The key for business leaders is to shift the mindset away from attendance as the key metric for getting things done, recommended Brian Elliott, Executive Leader of Future Forum and Senior Vice-President, Slack.
“Digital-first doesn’t mean never in person, because there is real value in getting people together on a regular, episodic basis to build relationships, not to do the collaboration work,” he said.
Meanwhile, a lot of the pressure to monitor productivity rests on middle managers, which aren’t usually handed down the modern tools and strategies to gauge such, observed Cal Henderson, Co-Founder and CTO, Slack.
“A big part of the role of leaders in any organisation is to keep their workforce engaged and aligned around what it is they’re doing. During pre-pandemic times, and it’s still true now, one of the best ways to get people engaged in the work that they’re doing is to make them understand that what they’re doing contributes to the mission of the company,” he said.

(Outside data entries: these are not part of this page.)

(* Assume there exist $\psi\in\mathcal B_{b,\gg}(\chi)$, $t_0>0$, $a>0$ and a submarkovian kernel $\tilde P$ with $\psi(x)\Lambda(dx)P_{t_0}(x,dy)=a\psi(y)\Lambda(dy)\tilde P(y,dx)$ as measures on $\chi\times\chi$. Let $\pi$ be a QSD of $(X_t)_{0\le t<\tau_\partial}$ with $\pi\ll\Lambda$, and suppose $(P_t)_{t\ge0}$ has a non-negative $L^1(\pi)$-right eigenfunction $\phi$ (i.e. $P_t\phi=\lambda(\pi)^t\phi$ $\pi$-a.e. for all $t$) with $\pi(\phi)=1$. Suppose further that $$\Big\|\frac{d\mathcal L_\mu(X_t\mid\tau_\partial>t)}{d\pi}-1\Big\|_{L^\infty(\pi)}\to0\ \ (t\to\infty)\quad\text{whenever }\mu\in\mathcal P_\infty(\pi)\text{ and }\mu(\phi)>0.$$ Then $\pi\in\mathcal P_\infty(\Lambda)$, i.e. $\pi$ has an essentially bounded density with respect to $\Lambda$.
   Context: $\chi$ is a metric space with Borel $\sigma$-algebra and a distinguished $\sigma$-finite Borel measure $\Lambda$ of full support. $(X_t)_{0\le t<\tau_\partial}$ is a killed Markov process on $\chi$ with absorption time $\tau_\partial$ and submarkovian semigroup $P_t(x,A)=\mathbb P_x(X_t\in A,\tau_\partial>t)$, acting on $L^1(\pi)$ by $P_tf(x)=\mathbb E_x[f(X_t)\mathbb 1(\tau_\partial>t)]$. A QSD is $\pi\in\mathcal P(\chi)$ with $\mathbb P_\pi(X_t\in\cdot\mid\tau_\partial>t)=\pi$ for all $t$; $\lambda(\pi)=\mathbb P_\pi(\tau_\partial>1)$. $\mathcal P_\infty(m)$ = probability measures $\ll m$ with density in $L^\infty(m)$. $\mathcal B_{b,\gg}(\chi)$ = bounded Borel functions with positive infimum. *)

theory Defs
  imports "HOL-Probability.Probability"
begin

definition submarkov_kernel :: "('a::topological_space \<Rightarrow> 'a measure) \<Rightarrow> bool" where
  "submarkov_kernel K \<longleftrightarrow> K \<in> borel \<rightarrow>\<^sub>M subprob_algebra borel"

text \<open>The submarkovian semigroup P t x A = P_x(X_t in A, tau > t) of a killed Markov process.\<close>
definition submarkov_semigroup :: "(real \<Rightarrow> 'a::topological_space \<Rightarrow> 'a measure) \<Rightarrow> bool" where
  "submarkov_semigroup P \<longleftrightarrow>
     (\<forall>t\<ge>0. submarkov_kernel (P t)) \<and>
     (\<forall>x. P 0 x = return borel x) \<and>
     (\<forall>s t x. s \<ge> 0 \<longrightarrow> t \<ge> 0 \<longrightarrow> P (s + t) x = bind (P s x) (P t))"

Henderson remarked that people feel more connected to the commissioners of their company when they have flexibility. “It isn’t about bringing people back into the office. The answer is making people understand why the work they’re doing matters,” he added.
Indeed, digital tools for collaboration and communication are only enablers for success amid a changing enterprise landscape. In the end, businesses must adapt to what the times require, and where people feel they excel the most.